Harper Adams had the second highest response rate (95.3 per cent) of all institutions included in the Destination of Leavers from Higher Education survey, which also shows that Harper Adams graduates moved into a high number of "professional and managerial" roles and achieved higher average starting salaries than the sector median of £21,000.

Welcoming today’s publication, Careers Advisor and Service Manager Maria Simpson said: “Harper Adams is able to celebrate a consistently high graduate employment rate – averaging 97.8% over the last three years and exactly 98% per cent for UK students who graduated in 2016 from full-time, undergraduate degrees courses.

“It is also very welcome to see that more than 70 per cent of our graduates were in roles classed as professional and managerial, which gives us confidence that our courses are preparing them well to enter their chosen sectors at a higher level.”

Food science students were top of the class for the university – with 100 per cent employment six months after graduation for the last three years.

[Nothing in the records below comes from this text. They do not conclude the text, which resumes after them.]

(* Let $\Omega\subseteq\mathbb{R}^2$ be open and let $f=(\phi_1,\phi_2):\Omega\to\mathbb{R}^2$ be a smooth plane transformation. For a nondegenerate triangle with vertices $a,b,c\in\mathbb{R}^2$, let $a'$ denote the mirror vertex of $a$, i.e. the reflection of $a$ across the line through $b$ and $c$. Then for every $x\in\Omega$, $$\lim \frac{\det\big(f(a')-f(a),\; f(c)-f(b)\big)}{2\det\big(b-a,\; c-b\big)} \;=\; \det Df(x)=\partial_1\phi_1(x)\,\partial_2\phi_2(x)-\partial_2\phi_1(x)\,\partial_1\phi_2(x),$$ where the limit is taken as $(a,b,c)\to(x,x,x)$ in $\mathbb{R}^2\times\mathbb{R}^2\times\mathbb{R}^2$, over triples $(a,b,c)$ such that the triangle $a,b,c$ is nondegenerate (i.e. $\det(b-a,c-b)\neq 0$) and the mirror vertex $a'$ is balanced (and $a,b,c,a'\in\Omega$, which holds automatically for such triples close enough to $x$).
   Context: $\det(u,v)$ denotes the determinant of the $2\times 2$ matrix with rows $u,v\in\mathbb{R}^2$; equivalently $\det(b-a,c-b)=(a\wedge b+b\wedge c+c\wedge a)\cdot\mathbb{I}_2$ in the Clifford algebra of $\mathbb{R}^2$. A real function $\psi:\Omega\to\mathbb{R}$ on an open set $\Omega\subseteq\mathbb{R}^2$ is called smooth if it is $C^2$ on $\Omega$ and $\sup_{x\in\Omega}\max\{|\lambda_1(x)|,|\lambda_2(x)|\}<\infty$, where $\lambda_1(x),\lambda_2(x)$ are the eigenvalues of the Hessian matrix of $\psi$ at $x$. A transformation $f:\Omega\to\mathbb{R}^2$ is smooth if both components $\phi_1,\phi_2$ are smooth functions. For a nondegenerate triangle with vertices $a,b,c$, the mirror vertex of $a$ is $a'=-\big[a+2b\frac{(a-c)\cdot(c-b)}{|c-b|^2}+2c\frac{(b-a)\cdot(c-b)}{|c-b|^2}\big]$, the reflection of $a$ across the line through $b,c$. The mirror vertex $a'$ is called balanced if the point $\bar a=\frac12(a+a')$ (the foot of the perpendicular from $a$ to the line $bc$) lies in the closed segment $[b,c]$. *)

theory Defs
  imports "HOL-Analysis.Analysis"
begin

definition det2 :: "real^2 \<Rightarrow> real^2 \<Rightarrow> real" where
  "det2 u v = u$1 * v$2 - u$2 * v$1"

definition smooth_fun :: "(real^2) set \<Rightarrow> (real^2 \<Rightarrow> real) \<Rightarrow> bool" where
  "smooth_fun \<Omega> \<psi> \<longleftrightarrow>
     (\<exists>D :: real^2 \<Rightarrow> real^2. \<exists>H :: real^2 \<Rightarrow> real^2^2.
        (\<forall>x\<in>\<Omega>. (\<psi> has_derivative (\<lambda>h. D x \<bullet> h)) (at x)) \<and>
        (\<forall>x\<in>\<Omega>. (D has_derivative (\<lambda>h. H x *v h)) (at x)) \<and>
        continuous_on \<Omega> H \<and>
        (\<exists>B::real. \<forall>x\<in>\<Omega>. \<forall>l::real. \<forall>v::real^2.
            v \<noteq> 0 \<and> H x *v v = l *\<^sub>R v \<longrightarrow> \<bar>l\<bar> \<le> B))"

definition smooth_transf :: "(real^2) set \<Rightarrow> (real^2 \<Rightarrow> real^2) \<Rightarrow> bool" where
  "smooth_transf \<Omega> f \<longleftrightarrow> smooth_fun \<Omega> (\<lambda>y. f y $ 1) \<and> smooth_fun \<Omega> (\<lambda>y. f y $ 2)"

definition mirror_vertex :: "real^2 \<Rightarrow> real^2 \<Rightarrow> real^2 \<Rightarrow> real^2" where
  "mirror_vertex a b c =
     - (a + ((2 * ((a - c) \<bullet> (c - b)) / (norm (c - b))^2) *\<^sub>R b)
          + ((2 * ((b - a) \<bullet> (c - b)) / (norm (c - b))^2) *\<^sub>R c))"

definition balanced :: "real^2 \<Rightarrow> real^2 \<Rightarrow> real^2 \<Rightarrow> bool" where
  "balanced a b c \<longleftrightarrow> (1/2) *\<^sub>R (a + mirror_vertex a b c) \<in> closed_segment b c"

end

theory Submission
  imports Defs
begin

text \<open>The vector \<open>a' - a\<close> is twice the component of \<open>b - a\<close> orthogonal to \<open>c - b\<close>.
  Hence it is orthogonal to \<open>c - b\<close>, has length at most \<open>2 |b - a|\<close>, and
  \<open>det(a' - a, c - b) = 2 det(b - a, c - b)\<close>. A \<open>C\<^sup>1\<close> map is strictly differentiable:
  \<open>f p - f q = Df(x)(p - q) + o(|p - q|)\<close> uniformly for \<open>p, q\<close> near \<open>x\<close>. So the numerator
  equals \<open>det Df(x) \<cdot> det(a' - a, c - b)\<close> up to an error \<open>o(|a' - a| |c - b|)\<close>, and by
  orthogonality \<open>|a' - a| |c - b| = |det(a' - a, c - b)|\<close> is exactly the denominator.\<close>

lemma inner_vec2: "(u::real^2) \<bullet> v = u$1 * v$1 + u$2 * v$2"
  by (simp add: inner_vec_def sum_2)

lemma det2_squared_plus_inner_squared: "(det2 u v)^2 + (u \<bullet> v)^2 = (norm u * norm v)^2"
  unfolding power_mult_distrib power2_norm_eq_inner det2_def inner_vec2
  by (simp add: algebra_simps power2_eq_square)

lemma abs_det2_le: "\<bar>det2 u v\<bar> \<le> norm u * norm v"
  using det2_squared_plus_inner_squared[of u v]
  by (metis abs_le_square_iff abs_norm_cancel abs_mult le_add_same_cancel1 zero_le_power2)

lemma abs_det2_orthogonal:
  assumes "u \<bullet> v = 0"
  shows "\<bar>det2 u v\<bar> = norm u * norm v"
proof -
  have "\<bar>det2 u v\<bar>^2 = (norm u * norm v)^2"
    using det2_squared_plus_inner_squared[of u v] assms by simp
  then show ?thesis
    using power2_eq_iff_nonneg[of "\<bar>det2 u v\<bar>" "norm u * norm v"] by simp
qed

lemma det2_matrix_vector_mult: "det2 (A *v u) (A *v v) = det A * det2 u v" for A :: "real^2^2"
  by (simp add: det2_def det_2 matrix_vector_mult_def sum_2 algebra_simps)

lemma abs_det2_add_minus_le:
  "\<bar>det2 (U + e) (V + g) - det2 U V\<bar> \<le> norm U * norm g + norm e * norm V + norm e * norm g"
proof -
  have "det2 (U + e) (V + g) - det2 U V = det2 U g + det2 e V + det2 e g"
    by (simp add: det2_def algebra_simps)
  then show ?thesis
    using abs_det2_le[of U g] abs_det2_le[of e V] abs_det2_le[of e g] by linarith
qed

lemma mirror_vertex_minus_self:
  assumes "c \<noteq> b"
  shows "mirror_vertex a b c - a
           = 2 *\<^sub>R (b - a) - (2 * ((b - a) \<bullet> (c - b)) / ((c - b) \<bullet> (c - b))) *\<^sub>R (c - b)"
proof -
  define v where "v = c - b"
  define s where "s = 2 * ((a - c) \<bullet> v) / (v \<bullet> v)"
  define t where "t = 2 * ((b - a) \<bullet> v) / (v \<bullet> v)"
  have "v \<bullet> v \<noteq> 0" using assms by (simp add: v_def)
  have c: "c = b + v" by (simp add: v_def)
  have "s + t = (2 * ((a - c) \<bullet> v) + 2 * ((b - a) \<bullet> v)) / (v \<bullet> v)"
    by (simp add: s_def t_def add_divide_distrib)
  also have "2 * ((a - c) \<bullet> v) + 2 * ((b - a) \<bullet> v) = - 2 * (v \<bullet> v)"
    by (simp add: c inner_diff_left inner_add_left algebra_simps)
  finally have "s + t = -2" using \<open>v \<bullet> v \<noteq> 0\<close> by simp
  have "mirror_vertex a b c - a = - 2 *\<^sub>R a - s *\<^sub>R b - t *\<^sub>R (b + v)"
    unfolding mirror_vertex_def power2_norm_eq_inner s_def t_def v_def by (simp add: algebra_simps scaleR_2)
  also have "\<dots> = - 2 *\<^sub>R a - (s + t) *\<^sub>R b - t *\<^sub>R v"
    by (simp add: algebra_simps)
  also have "\<dots> = 2 *\<^sub>R (b - a) - t *\<^sub>R v"
    using \<open>s + t = -2\<close> by (simp add: algebra_simps)
  finally show ?thesis by (simp add: t_def v_def)
qed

And almost 80 per cent of food graduates were in higher-level professional or managerial roles. Food graduate salaries have increased significantly, from an average of £19,266 for 2014 leavers to £23,338 for those who finished in 2016.

Also hitting 100 per cent employment since graduating last summer were the countryside management students. 40 per cent of them went straight into countryside management jobs, with the others moving into allied professions, such as horticultural management and consultancy.

Business graduates hold a three year average of 99.2 per cent employment and more than 80 per cent of the 2016 cohort moved straight into professional and managerial roles. Starting salaries for business graduates also saw a modest rise on the previous year.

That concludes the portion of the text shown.